Research output: Contribution to journalArticlepeer-review

Abstract

Imaging of cerebrovascular β-amyloid (cerebral amyloid angiopathy) is complicated by the nearly universal overlap of this pathology with Alzheimer's pathology. We performed positron emission tomographic imaging with Pittsburgh Compound B on 42-year-old man with early manifestations of Iowa-type hereditary cerebral amyloid angiopathy, a form of the disorder with little or no plaque deposits of fibrillar β-amyloid.
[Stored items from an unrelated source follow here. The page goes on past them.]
(* Let $P$ be a connected shrub on a finite set $I$ with at least two elements. Then there exists a vertex of height $1$ that covers every vertex of height $0$ of $P$.
   Context: A shrub $P$ on a finite set $I$ is a set $E$ of edges (unordered pairs $\{i,j\}$ of distinct elements of $I$) together with a height function $h_P:I\to\mathbb{N}$. Say that $j$ covers $i$ if $\{i,j\}\in E$ and $h_P(j)=h_P(i)+1$. The axioms are: (1) if $\{i,j\}\in E$ then $h_P(i)=h_P(j)\pm 1$; (2) if $h_P(j)>0$ then there is an edge $\{i,j\}$ with $h_P(i)=h_P(j)-1$; (3) there are no four distinct vertices $a,b,c,d$ such that $a$ covers $b$ and $c$, $c$ covers $d$, and $\{b,d\}\notin E$; (4) there are no five distinct vertices $a,b,c,d,e$ such that $a$ covers $c$ and $d$, $b$ covers $d$ and $e$, $\{a,e\}\notin E$ and $\{b,c\}\notin E$. A shrub is connected if its underlying graph $(I,E)$ is connected. *)

theory Defs
  imports Main
begin

definition covers :: "'a set set \<Rightarrow> ('a \<Rightarrow> nat) \<Rightarrow> 'a \<Rightarrow> 'a \<Rightarrow> bool" where
  "covers E h j i \<longleftrightarrow> {i, j} \<in> E \<and> h j = h i + 1"

definition shrub :: "'a set \<Rightarrow> 'a set set \<Rightarrow> ('a \<Rightarrow> nat) \<Rightarrow> bool" where
  "shrub I E h \<longleftrightarrow>
     finite I \<and>
     (\<forall>e\<in>E. \<exists>i j. e = {i, j} \<and> i \<noteq> j \<and> i \<in> I \<and> j \<in> I) \<and>
     (\<forall>i\<in>I. \<forall>j\<in>I. {i, j} \<in> E \<longrightarrow> h i = h j + 1 \<or> h j = h i + 1) \<and>
     (\<forall>j\<in>I. h j > 0 \<longrightarrow> (\<exists>i\<in>I. {i, j} \<in> E \<and> h i + 1 = h j)) \<and>
     \<not> (\<exists>a\<in>I. \<exists>b\<in>I. \<exists>c\<in>I. \<exists>d\<in>I. distinct [a, b, c, d] \<and>
          covers E h a b \<and> covers E h a c \<and> covers E h c d \<and> {b, d} \<notin> E) \<and>
     \<not> (\<exists>a\<in>I. \<exists>b\<in>I. \<exists>c\<in>I. \<exists>d\<in>I. \<exists>e\<in>I. distinct [a, b, c, d, e] \<and>
          covers E h a c \<and> covers E h a d \<and> covers E h b d \<and> covers E h b e \<and>
          {a, e} \<notin> E \<and> {b, c} \<notin> E)"

definition shrub_connected :: "'a set \<Rightarrow> 'a set set \<Rightarrow> bool" where
  "shrub_connected I E \<longleftrightarrow>
     (\<forall>x\<in>I. \<forall>y\<in>I. \<exists>p. p \<noteq> [] \<and> hd p = x \<and> last p = y \<and> set p \<subseteq> I \<and>
        (\<forall>k. Suc k < length p \<longrightarrow> {p ! k, p ! Suc k} \<in> E))"

end

theory Submission
  imports Defs
begin

text \<open>Choose a vertex \<open>v\<close> of height 1 covering as many vertices as possible, and call a
vertex \<open>x\<close> good if every descending chain from \<open>x\<close> to height 0 ends at a neighbour of \<open>v\<close>.
Then \<open>v\<close> is good, and goodness spreads along every edge: downwards trivially, upwards by
axiom (3) above height 0, and at height 0 by axiom (4), which would otherwise let another
vertex of height 1 cover strictly more than \<open>v\<close>. By connectedness every vertex is good,
and a good vertex of height 0 is covered by \<open>v\<close>.\<close>

lemma shrub_finite: "shrub I E h \<Longrightarrow> finite I"
  by (simp add: shrub_def)

lemma shrub_edge_covers:
  assumes "shrub I E h" "a \<in> I" "b \<in> I" "{a, b} \<in> E"
  shows "covers E h a b \<or> covers E h b a"
  using assms by (auto simp: shrub_def covers_def insert_commute)

lemma shrub_ex_lower_cover:
  assumes "shrub I E h" "j \<in> I" "h j > 0"
  shows "\<exists>i\<in>I. covers E h j i"
  using assms by (fastforce simp: shrub_def covers_def insert_commute)

lemma shrub_square:
  assumes "shrub I E h" "a \<in> I" "b \<in> I" "c \<in> I" "d \<in> I" "distinct [a, b, c, d]"
    and "covers E h a b" "covers E h a c" "covers E h c d"
  shows "{b, d} \<in> E"
  using assms unfolding shrub_def by blast

lemma shrub_no_zigzag:
  assumes "shrub I E h" "a \<in> I" "b \<in> I" "c \<in> I" "d \<in> I" "e \<in> I" "distinct [a, b, c, d, e]"
    and "covers E h a c" "covers E h a d" "covers E h b d" "covers E h b e" "{a, e} \<notin> E"
  shows "{b, c} \<in> E"
  using assms unfolding shrub_def by blast

lemma shrub_ex_height_zero:
  assumes "shrub I E h" "x \<in> I"
  shows "\<exists>u\<in>I. h u = 0"
proof -
  obtain u where "u \<in> I" and least: "\<forall>w. w \<in> I \<longrightarrow> h u \<le> h w"
    using ex_has_least_nat[of "\<lambda>w. w \<in> I" x h] assms(2) by blast
  moreover have "h u = 0"
  proof (rule ccontr)
    assume "h u \<noteq> 0"
    then obtain i where "i \<in> I" "covers E h u i"
      using shrub_ex_lower_cover[OF assms(1) \<open>u \<in> I\<close>] by blast
    with least show False by (fastforce simp: covers_def)
  qed
  ultimately show ?thesis by blast
qed

lemma shrub_connected_propagate:
  assumes "shrub_connected I E" "x \<in> I" "y \<in> I" "P x"
    and step: "\<And>a b. a \<in> I \<Longrightarrow> b \<in> I \<Longrightarrow> {a, b} \<in> E \<Longrightarrow> P a \<Longrightarrow> P b"
  shows "P y"
proof -
  obtain p where p: "p \<noteq> []" "hd p = x" "last p = y" "set p \<subseteq> I"
      and edges: "\<forall>k. Suc k < length p \<longrightarrow> {p ! k, p ! Suc k} \<in> E"
    using assms(1-3) unfolding shrub_connected_def by blast
  have "k < length p \<Longrightarrow> P (p ! k)" for k
  proof (induction k)
    case 0
    then show ?case using p(1,2) \<open>P x\<close> by (simp add: hd_conv_nth)
  next
    case (Suc k)
    then show ?case using step[of "p ! k" "p ! Suc k"] edges p(4) by (simp add: subset_iff)
  qed
  then show ?thesis using p(1,3) by (metis last_conv_nth diff_less zero_less_one length_greater_0_conv)
qed

lemma shrub_connected_ex_neighbour:
  assumes "shrub_connected I E" "card I \<ge> 2" "x \<in> I"
  shows "\<exists>y\<in>I. {x, y} \<in> E"
proof -
  have "\<not> I \<subseteq> {x}"
    using assms(2) card_mono[of "{x}" I] by auto
  then obtain y where "y \<in> I" "y \<noteq> x" by blast
  then obtain p where p: "p \<noteq> []" "hd p = x" "last p = y" "set p \<subseteq> I"
      and edges: "\<forall>k. Suc k < length p \<longrightarrow> {p ! k, p ! Suc k} \<in> E"
    using assms(1,3) unfolding shrub_connected_def by blast
  have "length p \<ge> 2"
    using p \<open>y \<noteq> x\<close> by (cases p) (auto simp: Suc_le_eq)
  then have "{x, p ! 1} \<in> E" "p ! 1 \<in> I"
    using p(1,2,4) edges[rule_format, of 0] by (auto simp: hd_conv_nth)
  then show ?thesis by blast
qed

definition lower_covers :: "'a set \<Rightarrow> 'a set set \<Rightarrow> ('a \<Rightarrow> nat) \<Rightarrow> 'a \<Rightarrow> 'a set" where
  "lower_covers I E h v = {u \<in> I. covers E h v u}"

primrec descents_adjacent ::
  "'a set \<Rightarrow> 'a set set \<Rightarrow> ('a \<Rightarrow> nat) \<Rightarrow> 'a \<Rightarrow> nat \<Rightarrow> 'a \<Rightarrow> bool" where
  "descents_adjacent I E h v 0 x \<longleftrightarrow> {x, v} \<in> E"
| "descents_adjacent I E h v (Suc k) x \<longleftrightarrow>
     (\<forall>z\<in>I. covers E h x z \<longrightarrow> descents_adjacent I E h v k z)"

abbreviation good :: "'a set \<Rightarrow> 'a set set \<Rightarrow> ('a \<Rightarrow> nat) \<Rightarrow> 'a \<Rightarrow> 'a \<Rightarrow> bool" where
  "good I E h v x \<equiv> descents_adjacent I E h v (h x) x"

lemma good_height_one_self: "h v = 1 \<Longrightarrow> good I E h v v"
  by (simp add: covers_def insert_commute)

lemma good_height_one_iff:
  "h y = 1 \<Longrightarrow> good I E h v y \<longleftrightarrow> (\<forall>z\<in>I. covers E h y z \<longrightarrow> {z, v} \<in> E)"
  by simp

lemma good_down:
  assumes "y \<in> I" "covers E h x y" "good I E h v x"
  shows "good I E h v y"
  using assms by (simp add: covers_def)

lemma lower_covers_subset_if_not_adjacent:
  assumes sh: "shrub I E h" and I: "v \<in> I" "y \<in> I" "x \<in> I" "z \<in> I" and "y \<noteq> v"
    and hv: "h v = 1" and cover: "covers E h v x" "covers E h y x" "covers E h y z"
    and nadj: "{z, v} \<notin> E"
  shows "lower_covers I E h v \<subseteq> lower_covers I E h y"
proof
  fix e assume "e \<in> lower_covers I E h v"
  then have "e \<in> I" "covers E h v e" by (auto simp: lower_covers_def)
  have heights: "h y = 1" "h x = 0" "h z = 0" "h e = 0"
    using hv cover \<open>covers E h v e\<close> by (auto simp: covers_def)
  show "e \<in> lower_covers I E h y"
  proof (rule ccontr)
    assume "e \<notin> lower_covers I E h y"
    then have "\<not> covers E h y e" using \<open>e \<in> I\<close> by (simp add: lower_covers_def)
    then have "{y, e} \<notin> E" using heights by (simp add: covers_def insert_commute)
    moreover have "\<not> covers E h v z" using nadj by (simp add: covers_def insert_commute)
    then have "z \<noteq> x" "z \<noteq> e" "x \<noteq> e"
      using cover \<open>covers E h v e\<close> \<open>\<not> covers E h y e\<close> by auto
    then have "distinct [y, v, z, x, e]"
      using \<open>y \<noteq> v\<close> heights hv by auto
    ultimately have "{v, z} \<in> E"
      using shrub_no_zigzag[OF sh I(2,1,4,3) \<open>e \<in> I\<close>] cover \<open>covers E h v e\<close> by blast
    with nadj show False by (simp add: insert_commute)
  qed
qed

lemma good_up_from_bottom:
  assumes sh: "shrub I E h" and "v \<in> I" "h v = 1"
    and maximal: "\<And>w. w \<in> I \<Longrightarrow> h w = 1 \<Longrightarrow> card (lower_covers I E h w) \<le> card (lower_covers I E h v)"
    and "x \<in> I" "y \<in> I" "h x = 0" "covers E h y x" "good I E h v x"
  shows "good I E h v y"
proof (cases "y = v")
  case True
  then show ?thesis using good_height_one_self[of h v] \<open>h v = 1\<close> by simp
next
  case False
  have "h y = 1" using assms(7,8) by (simp add: covers_def)
  have "covers E h v x" using assms(3,7,9) by (simp add: covers_def insert_commute)
  show ?thesis
  proof (rule ccontr)
    assume "\<not> good I E h v y"
    then obtain z where "z \<in> I" "covers E h y z" "{z, v} \<notin> E"
      using good_height_one_iff[of h y I E v] \<open>h y = 1\<close> by blast
    moreover have "\<not> covers E h v z" using \<open>{z, v} \<notin> E\<close> by (simp add: covers_def insert_commute)
    ultimately have "z \<in> lower_covers I E h y - lower_covers I E h v"
      by (simp add: lower_covers_def)
    moreover have "lower_covers I E h v \<subseteq> lower_covers I E h y"
      using lower_covers_subset_if_not_adjacent[OF sh \<open>v \<in> I\<close> \<open>y \<in> I\<close> \<open>x \<in> I\<close> \<open>z \<in> I\<close>
          False \<open>h v = 1\<close> \<open>covers E h v x\<close> \<open>covers E h y x\<close> \<open>covers E h y z\<close> \<open>{z, v} \<notin> E\<close>] .
    ultimately have "lower_covers I E h v \<subset> lower_covers I E h y" by blast
    moreover have "finite (lower_covers I E h y)"
      using shrub_finite[OF sh] by (simp add: lower_covers_def)
    ultimately have "card (lower_covers I E h v) < card (lower_covers I E h y)"
      by (simp add: psubset_card_mono)
    with maximal[OF \<open>y \<in> I\<close> \<open>h y = 1\<close>] show False by simp
  qed
qed

lemma good_up_above_bottom:
  assumes sh: "shrub I E h" and "x \<in> I" "y \<in> I" "h x > 0" "covers E h y x" "good I E h v x"
  shows "good I E h v y"
proof -
  obtain k where hx: "h x = Suc k" using \<open>h x > 0\<close> gr0_implies_Suc by blast
  then have hy: "h y = Suc (Suc k)" using \<open>covers E h y x\<close> by (simp add: covers_def)
  have "descents_adjacent I E h v k w" if "z \<in> I" "covers E h y z" "w \<in> I" "covers E h z w" for z w
  proof (cases "z = x")
    case True
    then show ?thesis using assms(6) hx that by simp
  next
    case False
    then have "distinct [y, x, z, w]"
      using hx hy that assms(5) by (auto simp: covers_def)
    then have "{x, w} \<in> E"
      using shrub_square[OF sh \<open>y \<in> I\<close> \<open>x \<in> I\<close> that(1,3)] that assms(5) by blast
    then have "covers E h x w" using hx hy that by (simp add: covers_def insert_commute)
    then show ?thesis using assms(6) hx that(3) by simp
  qed
  then show ?thesis using hy by simp
qed

lemma good_along_edge:
  assumes sh: "shrub I E h" and "v \<in> I" "h v = 1"
    and maximal: "\<And>w. w \<in> I \<Longrightarrow> h w = 1 \<Longrightarrow> card (lower_covers I E h w) \<le> card (lower_covers I E h v)"
    and "a \<in> I" "b \<in> I" "{a, b} \<in> E" "good I E h v a"
  shows "good I E h v b"
proof -
  consider "covers E h a b" | "covers E h b a"
    using shrub_edge_covers[OF sh \<open>a \<in> I\<close> \<open>b \<in> I\<close> \<open>{a, b} \<in> E\<close>] by blast
  then show ?thesis
  proof cases
    case 1
    show ?thesis by (rule good_down[OF \<open>b \<in> I\<close> 1 \<open>good I E h v a\<close>])
  next
    case 2
    show ?thesis
    proof (cases "h a = 0")
      case True
      show ?thesis
        by (rule good_up_from_bottom[OF sh \<open>v \<in> I\<close> \<open>h v = 1\<close> maximal \<open>a \<in> I\<close> \<open>b \<in> I\<close> True 2
              \<open>good I E h v a\<close>])
    next
      case False
      then show ?thesis
        using good_up_above_bottom[OF sh \<open>a \<in> I\<close> \<open>b \<in> I\<close> _ 2 \<open>good I E h v a\<close>] by simp
    qed
  qed
qed

lemma shrub_ex_height_one:
  assumes "shrub I E h" "shrub_connected I E" "card I \<ge> 2"
  shows "\<exists>x\<in>I. h x = 1"
proof -
  have "I \<noteq> {}" using assms(3) by (intro notI) simp
  then obtain x0 where "x0 \<in> I" "h x0 = 0"
    using shrub_ex_height_zero[OF assms(1)] by blast
  then obtain x1 where "x1 \<in> I" "{x0, x1} \<in> E"
    using shrub_connected_ex_neighbour[OF assms(2,3)] by blast
  then show ?thesis
    using shrub_edge_covers[OF assms(1) \<open>x0 \<in> I\<close>] \<open>h x0 = 0\<close> by (auto simp: covers_def)
qed

lemma ex_max_card_lower_covers:
  assumes "finite I" "x \<in> I" "h x = 1"
  shows "\<exists>v. (v \<in> I \<and> h v = 1) \<and>
    (\<forall>w. w \<in> I \<and> h w = 1 \<longrightarrow> card (lower_covers I E h w) \<le> card (lower_covers I E h v))"
proof -
  have "card (lower_covers I E h w) < Suc (card I)" for w
    using assms(1) by (simp add: lower_covers_def card_mono le_imp_less_Suc)
  then show ?thesis
    using Lattices_Big.ex_has_greatest_nat[of "\<lambda>w. w \<in> I \<and> h w = 1" x
        "\<lambda>w. card (lower_covers I E h w)" "Suc (card I)"] assms(2,3) by simp
qed

theorem mainTheorem1:
  fixes I :: "'a set" and E :: "'a set set" and h :: "'a \<Rightarrow> nat"
  assumes "shrub I E h"
    and "shrub_connected I E"
    and "card I \<ge> 2"
  shows "\<exists>v\<in>I. h v = 1 \<and> (\<forall>u\<in>I. h u = 0 \<longrightarrow> covers E h v u)"
proof -
  obtain x where "x \<in> I" "h x = 1"
    using shrub_ex_height_one[OF assms] by blast
  then have "\<exists>v. (v \<in> I \<and> h v = 1) \<and>
      (\<forall>w. w \<in> I \<and> h w = 1 \<longrightarrow> card (lower_covers I E h w) \<le> card (lower_covers I E h v))"
    by (rule ex_max_card_lower_covers[OF shrub_finite[OF assms(1)]])
  then obtain v where v: "v \<in> I" "h v = 1"
    and maximal: "\<And>w. w \<in> I \<Longrightarrow> h w = 1 \<Longrightarrow> card (lower_covers I E h w) \<le> card (lower_covers I E h v)"
    by blast
  have good: "good I E h v u" if "u \<in> I" for u
    using assms(2) \<open>v \<in> I\<close> that
  proof (rule shrub_connected_propagate[where P = "good I E h v"])
    show "good I E h v v" using v(2) by (rule good_height_one_self)
  qed (rule good_along_edge[OF assms(1) v(1) v(2) maximal])
  have "covers E h v u" if "u \<in> I" "h u = 0" for u
    using good[OF \<open>u \<in> I\<close>] \<open>h u = 0\<close> v(2) by (simp add: covers_def insert_commute)
  then show ?thesis using v by blast
qed

end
The results demonstrated increased Pittsburgh Compound B retention selectively in occipital cortex, sparing regions typically labeled in Alzheimer's disease. These results offer compelling evidence that Pittsburgh Compound B positron emission tomography can noninvasively detect isolated cerebral amyloid angiopathy before overt signs of tissue damage such as hemorrhage or white matter lesions.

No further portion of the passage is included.